== Saved entries ==
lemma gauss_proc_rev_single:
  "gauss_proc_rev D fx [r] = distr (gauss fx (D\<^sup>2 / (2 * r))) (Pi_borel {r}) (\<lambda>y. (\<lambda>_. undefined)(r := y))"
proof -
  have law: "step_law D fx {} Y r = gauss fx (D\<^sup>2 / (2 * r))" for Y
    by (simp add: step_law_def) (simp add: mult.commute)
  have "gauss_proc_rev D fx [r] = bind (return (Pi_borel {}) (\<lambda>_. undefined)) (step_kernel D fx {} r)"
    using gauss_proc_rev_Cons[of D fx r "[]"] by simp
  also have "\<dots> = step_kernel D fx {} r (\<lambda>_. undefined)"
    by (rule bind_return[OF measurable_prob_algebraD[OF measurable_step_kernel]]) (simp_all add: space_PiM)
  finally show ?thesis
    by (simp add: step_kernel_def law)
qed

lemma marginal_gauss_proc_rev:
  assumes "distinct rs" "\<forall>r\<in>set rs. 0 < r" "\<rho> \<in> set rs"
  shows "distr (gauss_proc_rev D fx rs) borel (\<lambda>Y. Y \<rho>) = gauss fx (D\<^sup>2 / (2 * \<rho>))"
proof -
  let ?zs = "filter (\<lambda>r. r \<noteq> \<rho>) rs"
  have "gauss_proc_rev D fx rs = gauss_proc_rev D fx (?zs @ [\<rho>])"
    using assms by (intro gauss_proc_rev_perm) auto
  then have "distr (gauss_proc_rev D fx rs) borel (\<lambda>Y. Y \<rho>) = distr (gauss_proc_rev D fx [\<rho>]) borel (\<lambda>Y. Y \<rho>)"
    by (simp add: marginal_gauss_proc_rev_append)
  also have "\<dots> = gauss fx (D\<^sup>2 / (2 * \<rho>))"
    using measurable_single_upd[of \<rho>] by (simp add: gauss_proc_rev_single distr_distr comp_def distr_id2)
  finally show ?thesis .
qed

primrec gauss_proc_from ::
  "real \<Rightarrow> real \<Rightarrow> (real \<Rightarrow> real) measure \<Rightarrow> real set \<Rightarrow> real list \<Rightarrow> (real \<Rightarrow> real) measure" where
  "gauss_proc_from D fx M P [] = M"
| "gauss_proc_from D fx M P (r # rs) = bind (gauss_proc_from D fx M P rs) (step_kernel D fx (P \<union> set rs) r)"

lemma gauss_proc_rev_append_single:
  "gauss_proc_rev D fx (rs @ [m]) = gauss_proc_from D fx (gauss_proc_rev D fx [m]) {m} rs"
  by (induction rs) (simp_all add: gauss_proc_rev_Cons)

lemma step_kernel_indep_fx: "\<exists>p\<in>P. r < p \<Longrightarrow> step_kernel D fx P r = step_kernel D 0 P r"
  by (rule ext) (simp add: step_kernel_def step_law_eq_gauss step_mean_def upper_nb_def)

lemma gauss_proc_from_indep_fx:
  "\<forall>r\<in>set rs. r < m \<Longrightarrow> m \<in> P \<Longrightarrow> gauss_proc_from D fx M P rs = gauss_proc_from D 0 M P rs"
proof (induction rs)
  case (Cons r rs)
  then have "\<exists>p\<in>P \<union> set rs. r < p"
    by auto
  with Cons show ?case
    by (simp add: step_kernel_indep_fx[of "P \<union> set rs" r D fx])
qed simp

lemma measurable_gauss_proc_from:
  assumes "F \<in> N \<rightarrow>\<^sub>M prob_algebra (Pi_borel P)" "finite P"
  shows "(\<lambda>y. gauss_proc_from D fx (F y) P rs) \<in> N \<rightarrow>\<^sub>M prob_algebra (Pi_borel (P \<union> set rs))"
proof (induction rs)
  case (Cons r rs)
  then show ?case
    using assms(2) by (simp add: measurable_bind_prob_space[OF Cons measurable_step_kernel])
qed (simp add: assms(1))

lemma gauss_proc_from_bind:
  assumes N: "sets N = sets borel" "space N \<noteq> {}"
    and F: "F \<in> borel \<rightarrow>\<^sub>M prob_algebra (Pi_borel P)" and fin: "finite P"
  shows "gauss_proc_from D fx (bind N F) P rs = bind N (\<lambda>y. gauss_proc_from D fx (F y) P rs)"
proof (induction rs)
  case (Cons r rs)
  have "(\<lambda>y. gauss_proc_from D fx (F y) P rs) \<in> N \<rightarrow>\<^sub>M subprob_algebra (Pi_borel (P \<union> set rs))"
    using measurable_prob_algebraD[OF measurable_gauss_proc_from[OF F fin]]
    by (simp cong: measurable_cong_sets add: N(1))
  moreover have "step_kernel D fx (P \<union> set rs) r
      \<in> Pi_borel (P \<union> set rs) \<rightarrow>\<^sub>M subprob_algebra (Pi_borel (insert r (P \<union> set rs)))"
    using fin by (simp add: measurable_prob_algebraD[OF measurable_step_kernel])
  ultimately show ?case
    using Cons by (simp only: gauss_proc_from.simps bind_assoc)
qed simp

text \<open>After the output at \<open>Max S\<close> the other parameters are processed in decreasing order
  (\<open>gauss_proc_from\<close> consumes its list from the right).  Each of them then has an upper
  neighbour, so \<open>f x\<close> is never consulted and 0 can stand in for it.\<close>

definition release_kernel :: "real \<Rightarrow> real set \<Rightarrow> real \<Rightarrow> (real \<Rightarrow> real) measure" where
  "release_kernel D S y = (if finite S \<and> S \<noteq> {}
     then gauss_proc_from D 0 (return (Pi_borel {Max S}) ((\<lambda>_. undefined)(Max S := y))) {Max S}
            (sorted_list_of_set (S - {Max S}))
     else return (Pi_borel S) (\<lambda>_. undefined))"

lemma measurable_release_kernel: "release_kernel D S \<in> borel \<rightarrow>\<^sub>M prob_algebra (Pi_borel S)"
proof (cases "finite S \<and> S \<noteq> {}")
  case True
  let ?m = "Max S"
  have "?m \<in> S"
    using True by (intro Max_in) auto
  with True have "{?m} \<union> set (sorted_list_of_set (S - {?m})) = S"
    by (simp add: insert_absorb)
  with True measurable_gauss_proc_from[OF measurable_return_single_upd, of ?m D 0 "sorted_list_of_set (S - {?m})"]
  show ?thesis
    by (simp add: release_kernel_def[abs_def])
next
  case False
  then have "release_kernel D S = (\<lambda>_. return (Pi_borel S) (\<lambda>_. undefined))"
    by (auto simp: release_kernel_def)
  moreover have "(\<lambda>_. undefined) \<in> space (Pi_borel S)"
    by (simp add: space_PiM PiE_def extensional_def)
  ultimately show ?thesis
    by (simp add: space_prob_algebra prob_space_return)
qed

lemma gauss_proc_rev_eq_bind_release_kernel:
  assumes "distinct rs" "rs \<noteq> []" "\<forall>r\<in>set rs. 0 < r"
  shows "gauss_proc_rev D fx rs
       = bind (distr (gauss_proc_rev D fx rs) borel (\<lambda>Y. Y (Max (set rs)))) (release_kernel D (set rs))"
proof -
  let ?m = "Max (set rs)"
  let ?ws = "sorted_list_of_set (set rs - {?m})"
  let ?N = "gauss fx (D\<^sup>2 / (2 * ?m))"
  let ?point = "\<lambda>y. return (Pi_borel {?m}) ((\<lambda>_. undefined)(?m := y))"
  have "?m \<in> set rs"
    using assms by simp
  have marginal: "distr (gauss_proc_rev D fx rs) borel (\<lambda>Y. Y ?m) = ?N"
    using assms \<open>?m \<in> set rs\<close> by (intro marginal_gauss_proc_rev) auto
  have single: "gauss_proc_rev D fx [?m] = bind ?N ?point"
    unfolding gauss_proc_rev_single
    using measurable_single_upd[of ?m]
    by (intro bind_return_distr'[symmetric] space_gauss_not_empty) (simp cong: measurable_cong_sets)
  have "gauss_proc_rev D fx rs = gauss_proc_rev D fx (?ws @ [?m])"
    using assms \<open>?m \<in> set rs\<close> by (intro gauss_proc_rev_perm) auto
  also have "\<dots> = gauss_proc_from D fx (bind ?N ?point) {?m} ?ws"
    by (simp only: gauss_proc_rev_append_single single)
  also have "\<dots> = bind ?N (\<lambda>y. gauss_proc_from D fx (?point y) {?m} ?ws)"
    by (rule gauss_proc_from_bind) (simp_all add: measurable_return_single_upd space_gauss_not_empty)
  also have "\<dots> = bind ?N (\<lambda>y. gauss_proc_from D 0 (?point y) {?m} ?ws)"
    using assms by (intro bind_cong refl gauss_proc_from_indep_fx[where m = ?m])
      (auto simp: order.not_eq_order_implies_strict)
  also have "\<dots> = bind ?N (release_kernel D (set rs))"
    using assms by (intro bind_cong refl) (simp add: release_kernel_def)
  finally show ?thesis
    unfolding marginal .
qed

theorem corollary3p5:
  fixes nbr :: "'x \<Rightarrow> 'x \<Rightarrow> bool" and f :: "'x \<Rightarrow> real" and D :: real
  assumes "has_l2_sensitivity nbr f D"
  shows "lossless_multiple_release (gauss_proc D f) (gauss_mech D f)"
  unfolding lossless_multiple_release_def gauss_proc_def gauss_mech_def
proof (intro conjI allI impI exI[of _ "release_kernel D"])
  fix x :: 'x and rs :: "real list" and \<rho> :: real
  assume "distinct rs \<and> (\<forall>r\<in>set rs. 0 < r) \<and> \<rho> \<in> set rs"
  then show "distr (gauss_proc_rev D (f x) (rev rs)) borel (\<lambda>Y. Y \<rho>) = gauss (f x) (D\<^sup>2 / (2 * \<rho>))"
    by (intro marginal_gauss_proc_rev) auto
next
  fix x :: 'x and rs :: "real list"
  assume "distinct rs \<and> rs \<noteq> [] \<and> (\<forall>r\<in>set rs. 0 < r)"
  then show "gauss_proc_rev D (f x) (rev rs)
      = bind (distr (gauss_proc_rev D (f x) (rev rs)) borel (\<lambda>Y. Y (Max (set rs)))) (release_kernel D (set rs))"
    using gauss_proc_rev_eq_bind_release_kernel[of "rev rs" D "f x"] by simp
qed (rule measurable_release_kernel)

== Problem to work on ==
Starting with the line with "by (simp add: release_kernel_def[abs_def])" above and going on through the line with "using measurable_single_upd[of ?m]", transcribe every line exactly, both ends included, and add nothing.

== Answer for this exercise ==
    by (simp add: release_kernel_def[abs_def])
next
  case False
  then have "release_kernel D S = (\<lambda>_. return (Pi_borel S) (\<lambda>_. undefined))"
    by (auto simp: release_kernel_def)
  moreover have "(\<lambda>_. undefined) \<in> space (Pi_borel S)"
    by (simp add: space_PiM PiE_def extensional_def)
  ultimately show ?thesis
    by (simp add: space_prob_algebra prob_space_return)
qed

lemma gauss_proc_rev_eq_bind_release_kernel:
  assumes "distinct rs" "rs \<noteq> []" "\<forall>r\<in>set rs. 0 < r"
  shows "gauss_proc_rev D fx rs
       = bind (distr (gauss_proc_rev D fx rs) borel (\<lambda>Y. Y (Max (set rs)))) (release_kernel D (set rs))"
proof -
  let ?m = "Max (set rs)"
  let ?ws = "sorted_list_of_set (set rs - {?m})"
  let ?N = "gauss fx (D\<^sup>2 / (2 * ?m))"
  let ?point = "\<lambda>y. return (Pi_borel {?m}) ((\<lambda>_. undefined)(?m := y))"
  have "?m \<in> set rs"
    using assms by simp
  have marginal: "distr (gauss_proc_rev D fx rs) borel (\<lambda>Y. Y ?m) = ?N"
    using assms \<open>?m \<in> set rs\<close> by (intro marginal_gauss_proc_rev) auto
  have single: "gauss_proc_rev D fx [?m] = bind ?N ?point"
    unfolding gauss_proc_rev_single
    using measurable_single_upd[of ?m]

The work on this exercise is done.